ASSIGNED TASK. Write out exactly the lines of the entries below, from the first through the line containing "with q^n > 0, both", and nothing beyond them.

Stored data
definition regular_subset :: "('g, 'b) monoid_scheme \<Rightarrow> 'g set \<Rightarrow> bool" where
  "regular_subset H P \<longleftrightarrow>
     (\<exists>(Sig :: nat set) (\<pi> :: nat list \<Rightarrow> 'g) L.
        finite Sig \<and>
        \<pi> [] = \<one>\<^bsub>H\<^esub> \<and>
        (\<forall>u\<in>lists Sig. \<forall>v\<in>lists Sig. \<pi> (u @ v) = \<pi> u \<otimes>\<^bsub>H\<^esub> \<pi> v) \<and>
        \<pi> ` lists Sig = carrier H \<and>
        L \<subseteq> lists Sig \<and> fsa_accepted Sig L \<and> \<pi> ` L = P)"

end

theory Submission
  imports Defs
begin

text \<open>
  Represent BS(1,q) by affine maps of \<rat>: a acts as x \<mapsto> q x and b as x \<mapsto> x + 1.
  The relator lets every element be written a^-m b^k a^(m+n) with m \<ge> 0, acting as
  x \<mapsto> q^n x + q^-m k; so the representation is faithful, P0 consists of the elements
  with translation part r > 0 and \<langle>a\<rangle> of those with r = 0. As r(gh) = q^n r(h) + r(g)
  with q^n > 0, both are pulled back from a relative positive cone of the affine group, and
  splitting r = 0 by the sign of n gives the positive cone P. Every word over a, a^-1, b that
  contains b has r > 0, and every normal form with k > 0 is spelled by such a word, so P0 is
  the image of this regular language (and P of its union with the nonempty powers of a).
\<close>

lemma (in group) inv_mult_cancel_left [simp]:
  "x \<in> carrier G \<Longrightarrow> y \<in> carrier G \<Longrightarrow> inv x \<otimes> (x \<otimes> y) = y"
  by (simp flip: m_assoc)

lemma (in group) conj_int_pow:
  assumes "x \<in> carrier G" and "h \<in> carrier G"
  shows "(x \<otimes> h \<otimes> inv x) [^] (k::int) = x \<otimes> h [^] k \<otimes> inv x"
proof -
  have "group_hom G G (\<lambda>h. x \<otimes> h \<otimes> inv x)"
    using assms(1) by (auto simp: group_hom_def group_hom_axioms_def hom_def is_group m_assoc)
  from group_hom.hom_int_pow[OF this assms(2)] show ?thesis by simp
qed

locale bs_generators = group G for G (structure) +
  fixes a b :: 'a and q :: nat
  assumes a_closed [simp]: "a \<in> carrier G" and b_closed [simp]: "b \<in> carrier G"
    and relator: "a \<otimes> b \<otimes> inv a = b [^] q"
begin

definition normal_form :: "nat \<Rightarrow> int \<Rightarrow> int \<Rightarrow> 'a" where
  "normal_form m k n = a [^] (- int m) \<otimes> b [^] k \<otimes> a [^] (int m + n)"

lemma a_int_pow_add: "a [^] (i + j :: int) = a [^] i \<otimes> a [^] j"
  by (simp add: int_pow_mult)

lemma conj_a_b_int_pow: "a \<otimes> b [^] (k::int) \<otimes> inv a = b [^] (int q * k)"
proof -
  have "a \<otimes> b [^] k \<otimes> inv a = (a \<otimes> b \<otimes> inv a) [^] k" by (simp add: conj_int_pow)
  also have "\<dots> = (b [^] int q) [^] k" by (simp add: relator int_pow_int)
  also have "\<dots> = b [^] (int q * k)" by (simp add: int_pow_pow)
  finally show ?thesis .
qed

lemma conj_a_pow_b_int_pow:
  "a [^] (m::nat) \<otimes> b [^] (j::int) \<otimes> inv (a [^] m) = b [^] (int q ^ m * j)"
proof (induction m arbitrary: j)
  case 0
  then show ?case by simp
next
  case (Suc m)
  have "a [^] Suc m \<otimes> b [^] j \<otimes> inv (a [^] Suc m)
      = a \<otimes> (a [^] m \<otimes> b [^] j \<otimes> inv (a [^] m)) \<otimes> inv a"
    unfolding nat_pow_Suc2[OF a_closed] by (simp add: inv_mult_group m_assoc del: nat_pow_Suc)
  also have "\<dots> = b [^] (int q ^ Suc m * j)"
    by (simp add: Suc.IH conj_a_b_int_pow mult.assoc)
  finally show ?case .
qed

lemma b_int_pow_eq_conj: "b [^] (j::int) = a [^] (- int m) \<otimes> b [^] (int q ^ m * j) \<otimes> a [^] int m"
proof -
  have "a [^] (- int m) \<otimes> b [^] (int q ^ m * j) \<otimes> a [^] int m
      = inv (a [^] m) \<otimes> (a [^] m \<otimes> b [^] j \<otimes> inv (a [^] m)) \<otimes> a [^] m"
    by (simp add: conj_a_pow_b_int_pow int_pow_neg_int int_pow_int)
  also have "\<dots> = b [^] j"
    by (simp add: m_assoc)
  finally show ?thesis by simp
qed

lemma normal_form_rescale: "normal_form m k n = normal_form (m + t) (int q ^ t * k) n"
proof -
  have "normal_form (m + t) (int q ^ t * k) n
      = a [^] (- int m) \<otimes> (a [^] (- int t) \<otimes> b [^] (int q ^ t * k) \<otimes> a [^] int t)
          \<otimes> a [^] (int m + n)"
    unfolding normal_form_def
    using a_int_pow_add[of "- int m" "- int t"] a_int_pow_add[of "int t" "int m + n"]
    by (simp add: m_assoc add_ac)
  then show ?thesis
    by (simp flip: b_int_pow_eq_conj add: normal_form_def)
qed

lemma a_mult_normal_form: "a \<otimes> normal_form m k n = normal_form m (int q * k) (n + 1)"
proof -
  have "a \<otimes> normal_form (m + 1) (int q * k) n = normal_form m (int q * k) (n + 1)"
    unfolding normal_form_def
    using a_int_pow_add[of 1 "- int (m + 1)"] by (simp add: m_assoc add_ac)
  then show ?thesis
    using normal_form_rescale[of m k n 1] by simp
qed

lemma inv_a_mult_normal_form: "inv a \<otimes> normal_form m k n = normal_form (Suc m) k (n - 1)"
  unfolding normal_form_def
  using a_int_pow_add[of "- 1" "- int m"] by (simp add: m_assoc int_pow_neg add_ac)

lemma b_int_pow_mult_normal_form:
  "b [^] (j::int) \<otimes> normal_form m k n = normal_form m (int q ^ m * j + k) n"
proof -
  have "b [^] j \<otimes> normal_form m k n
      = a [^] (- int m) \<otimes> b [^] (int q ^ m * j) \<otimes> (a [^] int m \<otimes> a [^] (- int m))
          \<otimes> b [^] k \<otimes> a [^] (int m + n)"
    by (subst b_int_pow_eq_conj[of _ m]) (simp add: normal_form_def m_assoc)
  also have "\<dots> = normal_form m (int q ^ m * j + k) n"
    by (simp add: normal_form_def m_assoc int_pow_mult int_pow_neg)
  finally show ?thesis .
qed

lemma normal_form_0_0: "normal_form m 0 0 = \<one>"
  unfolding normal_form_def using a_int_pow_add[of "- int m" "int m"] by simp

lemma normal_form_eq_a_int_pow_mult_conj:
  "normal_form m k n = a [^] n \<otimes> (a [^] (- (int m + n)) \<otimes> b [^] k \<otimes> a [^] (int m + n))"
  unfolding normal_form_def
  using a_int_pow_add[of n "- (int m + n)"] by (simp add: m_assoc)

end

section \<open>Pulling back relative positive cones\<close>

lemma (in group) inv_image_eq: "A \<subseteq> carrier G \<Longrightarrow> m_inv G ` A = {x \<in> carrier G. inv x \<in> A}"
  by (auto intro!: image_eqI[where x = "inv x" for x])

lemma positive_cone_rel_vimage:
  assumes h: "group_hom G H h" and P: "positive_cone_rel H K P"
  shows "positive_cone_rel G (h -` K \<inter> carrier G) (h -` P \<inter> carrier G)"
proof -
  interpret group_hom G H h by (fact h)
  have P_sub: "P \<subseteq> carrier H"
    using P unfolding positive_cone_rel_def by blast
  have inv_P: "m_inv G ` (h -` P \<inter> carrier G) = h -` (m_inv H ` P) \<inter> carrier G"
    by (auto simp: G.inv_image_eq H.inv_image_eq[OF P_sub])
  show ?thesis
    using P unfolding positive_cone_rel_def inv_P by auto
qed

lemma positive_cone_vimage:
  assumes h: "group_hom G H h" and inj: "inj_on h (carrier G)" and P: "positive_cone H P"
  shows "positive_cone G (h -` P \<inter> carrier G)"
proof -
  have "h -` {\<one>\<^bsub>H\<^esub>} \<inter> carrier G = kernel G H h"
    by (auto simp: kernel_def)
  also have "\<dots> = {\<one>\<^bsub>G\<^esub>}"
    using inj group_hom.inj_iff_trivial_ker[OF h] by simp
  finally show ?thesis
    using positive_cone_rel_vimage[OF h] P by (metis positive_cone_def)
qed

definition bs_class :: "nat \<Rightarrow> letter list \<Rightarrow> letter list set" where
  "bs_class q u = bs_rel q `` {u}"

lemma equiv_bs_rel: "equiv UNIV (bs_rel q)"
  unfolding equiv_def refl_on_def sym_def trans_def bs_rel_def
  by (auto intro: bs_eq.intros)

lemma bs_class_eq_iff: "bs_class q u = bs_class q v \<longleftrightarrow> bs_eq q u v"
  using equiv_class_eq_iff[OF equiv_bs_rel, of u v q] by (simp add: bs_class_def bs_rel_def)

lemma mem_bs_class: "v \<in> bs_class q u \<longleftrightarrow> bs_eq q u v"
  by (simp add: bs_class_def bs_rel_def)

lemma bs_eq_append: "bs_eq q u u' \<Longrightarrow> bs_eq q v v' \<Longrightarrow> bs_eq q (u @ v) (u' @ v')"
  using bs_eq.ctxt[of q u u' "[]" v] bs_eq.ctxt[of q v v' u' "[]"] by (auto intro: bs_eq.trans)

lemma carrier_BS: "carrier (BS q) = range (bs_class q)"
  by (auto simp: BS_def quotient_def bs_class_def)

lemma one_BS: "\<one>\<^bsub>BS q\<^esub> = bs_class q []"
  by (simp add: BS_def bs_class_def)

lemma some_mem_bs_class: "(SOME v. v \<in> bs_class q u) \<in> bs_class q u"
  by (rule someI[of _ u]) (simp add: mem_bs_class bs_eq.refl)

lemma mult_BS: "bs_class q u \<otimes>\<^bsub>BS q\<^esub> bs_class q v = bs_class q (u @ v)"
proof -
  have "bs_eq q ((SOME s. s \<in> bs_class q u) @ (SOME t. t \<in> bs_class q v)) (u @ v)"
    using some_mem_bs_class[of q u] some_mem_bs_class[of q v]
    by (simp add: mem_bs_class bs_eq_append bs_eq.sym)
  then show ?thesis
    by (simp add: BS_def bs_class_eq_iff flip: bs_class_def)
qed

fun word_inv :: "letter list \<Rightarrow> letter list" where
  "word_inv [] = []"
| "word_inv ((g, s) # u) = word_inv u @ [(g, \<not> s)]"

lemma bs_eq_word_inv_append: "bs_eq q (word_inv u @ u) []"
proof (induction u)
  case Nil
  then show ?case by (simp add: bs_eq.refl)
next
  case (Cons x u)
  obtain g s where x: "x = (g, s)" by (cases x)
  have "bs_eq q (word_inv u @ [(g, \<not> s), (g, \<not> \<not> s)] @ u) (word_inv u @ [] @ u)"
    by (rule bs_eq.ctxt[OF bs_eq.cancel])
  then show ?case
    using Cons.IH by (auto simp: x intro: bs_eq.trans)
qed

TASK RESULT.
definition regular_subset :: "('g, 'b) monoid_scheme \<Rightarrow> 'g set \<Rightarrow> bool" where
  "regular_subset H P \<longleftrightarrow>
     (\<exists>(Sig :: nat set) (\<pi> :: nat list \<Rightarrow> 'g) L.
        finite Sig \<and>
        \<pi> [] = \<one>\<^bsub>H\<^esub> \<and>
        (\<forall>u\<in>lists Sig. \<forall>v\<in>lists Sig. \<pi> (u @ v) = \<pi> u \<otimes>\<^bsub>H\<^esub> \<pi> v) \<and>
        \<pi> ` lists Sig = carrier H \<and>
        L \<subseteq> lists Sig \<and> fsa_accepted Sig L \<and> \<pi> ` L = P)"

end

theory Submission
  imports Defs
begin

text \<open>
  Represent BS(1,q) by affine maps of \<rat>: a acts as x \<mapsto> q x and b as x \<mapsto> x + 1.
  The relator lets every element be written a^-m b^k a^(m+n) with m \<ge> 0, acting as
  x \<mapsto> q^n x + q^-m k; so the representation is faithful, P0 consists of the elements
  with translation part r > 0 and \<langle>a\<rangle> of those with r = 0. As r(gh) = q^n r(h) + r(g)
  with q^n > 0, both are pulled back from a relative positive cone of the affine group, and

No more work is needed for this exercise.